Placenta previa is implantation of the placenta over or near the internal os of the cervix. Typically, bright red painless vaginal bleeding occurs during late pregnancy. Diagnosis is by transvaginal or abdominal ultrasonography. Treatment is bed rest for minor vaginal bleeding before 36 wk gestation or, after 36 wk or in refractory cases, immediate delivery, usually by cesarean section. Placenta previa may be total (covering the internal os completely), partial (covering part of the os), or marginal (at the edge of the os), or the placenta may be low-lying (near the os without reaching it). Incidence of placenta previa is 1/200 deliveries. Risk factors include multiparity, prior cesarean delivery, uterine abnormalities that inhibit normal implantation (eg, fibroids), smoking, and multifetal pregnancy. If placenta previa occurs during early pregnancy, it usually resolves by 20 wk as the uterus enlarges. Symptoms, Signs, and Diagnosis Symptoms usually first occur in late pregnancy. Then, sudden, painless vaginal bleeding often begins; the blood may be bright red, and bleeding may be heavy, sometimes resulting in hemorrhagic shock. If placenta previa is present, pelvic examination may increase bleeding, sometimes causing sudden, massive bleeding; thus, if vaginal bleeding occurs after 20 wk, pelvic examination is contraindicated unless placenta previa is first ruled out by ultrasonography. Placenta previa frequently cannot be distinguished from abruptio placentae except by ultrasonography. Transvaginal ultrasonography is an accurate, safe way to diagnose placenta previa.
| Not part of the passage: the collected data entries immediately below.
lemma signed_sum_zhat_cycle_to_end:
  assumes r: "r \<le> n"
  defines "\<kappa> \<equiv> cycle_to_end n r"
  shows "(\<Sum>\<rho> | \<rho> permutes {1..n}.
            of_int (sign (\<kappa> \<circ> \<rho>)) * (\<Prod>j=1..Suc n. zhat d x (g \<circ> (\<kappa> \<circ> \<rho>)) j))
    = (-1) ^ (n + r) * zhat d x g (Suc n)
      * (\<Sum>\<rho> | \<rho> permutes {1..n}. of_int (sign \<rho>) * (\<Prod>j=1..n. zhat d x (g \<circ> \<kappa> \<circ> \<rho>) j))"
proof -
  have \<kappa>: "\<kappa> permutes {1..Suc n}"
    unfolding \<kappa>_def using r by (rule cycle_to_end_permutes)
  have "of_int (sign (\<kappa> \<circ> \<rho>)) * (\<Prod>j=1..Suc n. zhat d x (g \<circ> (\<kappa> \<circ> \<rho>)) j)
      = (-1) ^ (n + r) * zhat d x g (Suc n)
        * (of_int (sign \<rho>) * (\<Prod>j=1..n. zhat d x (g \<circ> \<kappa> \<circ> \<rho>) j))"
    if \<rho>: "\<rho> permutes {1..n}" for \<rho>
  proof -
    have \<rho>': "\<rho> permutes {1..Suc n}"
      using \<rho> by (rule permutes_subset) auto
    have "sign (\<kappa> \<circ> \<rho>) = sign \<kappa> * sign \<rho>"
      using \<kappa> \<rho>' by (intro sign_compose) (auto intro: permutes_imp_permutation)
    moreover have "zhat d x (g \<circ> (\<kappa> \<circ> \<rho>)) (Suc n) = zhat d x g (Suc n)"
      using zhat_permute_rows permutes_compose[OF \<rho>' \<kappa>] by blast
    ultimately show ?thesis
      by (simp add: \<kappa>_def sign_cycle_to_end[OF r] o_assoc)
  qed
  then show ?thesis
    unfolding sum_distrib_left by (intro sum.cong) auto
qed

lemma signed_sum_zhat_eq_det_Xhat:
  assumes nonsingular: "Yhat_nonsingular d x"
    and "inj_on g {1..n}" "g ` {1..n} \<subseteq> {1..d}"
  shows "(\<Sum>\<tau> | \<tau> permutes {1..n}. of_int (sign \<tau>) * (\<Prod>j=1..n. zhat d x (g \<circ> \<tau>) j))
    = (-1) ^ (n * (n - 1) div 2) * det (Xhat d x g n)"
  using assms(2,3)
proof (induction n arbitrary: g)
  case 0
  have "Xhat d x g 0 = 1\<^sub>m 0"
    by (rule eq_matI) (auto simp: Xhat_def)
  then show ?case
    by simp
next
  case (Suc n)
  let ?c = "(-1) ^ (n * (n - 1) div 2) :: real"
  let ?z = "zhat d x g (Suc n)"
  have IH: "(\<Sum>\<rho> | \<rho> permutes {1..n}.
        of_int (sign \<rho>) * (\<Prod>j=1..n. zhat d x (g \<circ> cycle_to_end n r \<circ> \<rho>) j))
      = ?c * det (Xhat d x (g \<circ> cycle_to_end n r) n)" if r: "r \<le> n" for r
  proof (rule Suc.IH)
    have \<kappa>_image: "cycle_to_end n r ` {1..n} \<subseteq> {1..Suc n}"
      by (auto simp: cycle_to_end_def)
    then show "inj_on (g \<circ> cycle_to_end n r) {1..n}"
      using permutes_inj_on[OF cycle_to_end_permutes[OF r]] Suc.prems(1)
      by (auto intro: comp_inj_on inj_on_subset)
    show "(g \<circ> cycle_to_end n r) ` {1..n} \<subseteq> {1..d}"
      using \<kappa>_image Suc.prems(2) by (auto simp: image_subset_iff)
  qed
  have "(\<Sum>\<tau> | \<tau> permutes {1..Suc n}. of_int (sign \<tau>) * (\<Prod>j=1..Suc n. zhat d x (g \<circ> \<tau>) j))
      = (\<Sum>r\<le>n. (-1) ^ (n + r) * ?z * (?c * det (Xhat d x (g \<circ> cycle_to_end n r) n)))"
    unfolding sum_permutes_Suc
    by (intro sum.cong refl) (simp only: atMost_iff signed_sum_zhat_cycle_to_end IH)
  also have "\<dots> = (-1) ^ n * ?c * (?z * det (Yhat d x g (Suc n)))"
    by (simp add: det_Yhat_first_column_expansion lessThan_Suc_atMost power_add sum_distrib_left
        algebra_simps)
  also have "?z * det (Yhat d x g (Suc n)) = det (Xhat d x g (Suc n))"
    using nonsingular Suc.prems by (simp add: Yhat_nonsingular_def zhat_def)
  finally show ?case
    unfolding triangular_number_Suc power_add by (simp only: mult_ac)
qed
Treatment Treatment of minor vaginal bleeding before about 34 wk is hospitalization, bed rest, and avoidance of sexual intercourse, which can cause bleeding by initiating contractions or causing direct trauma. If bleeding stops, ambulation and usually hospital discharge are allowed. Delivery is indicated if bleeding is heavy, uncontrolled, or both or if fetal lungs are mature, usually at 36 wk. Delivery is almost always by cesarean section, but vaginal delivery may be possible for women with a low-lying placenta if the fetal head effectively compresses the placenta and labor is already advanced or if the pregnancy is < 23 wk and rapid delivery is expected. Hemorrhagic shock is treated (see Shock and Fluid Resuscitation: Prognosis and Treatment).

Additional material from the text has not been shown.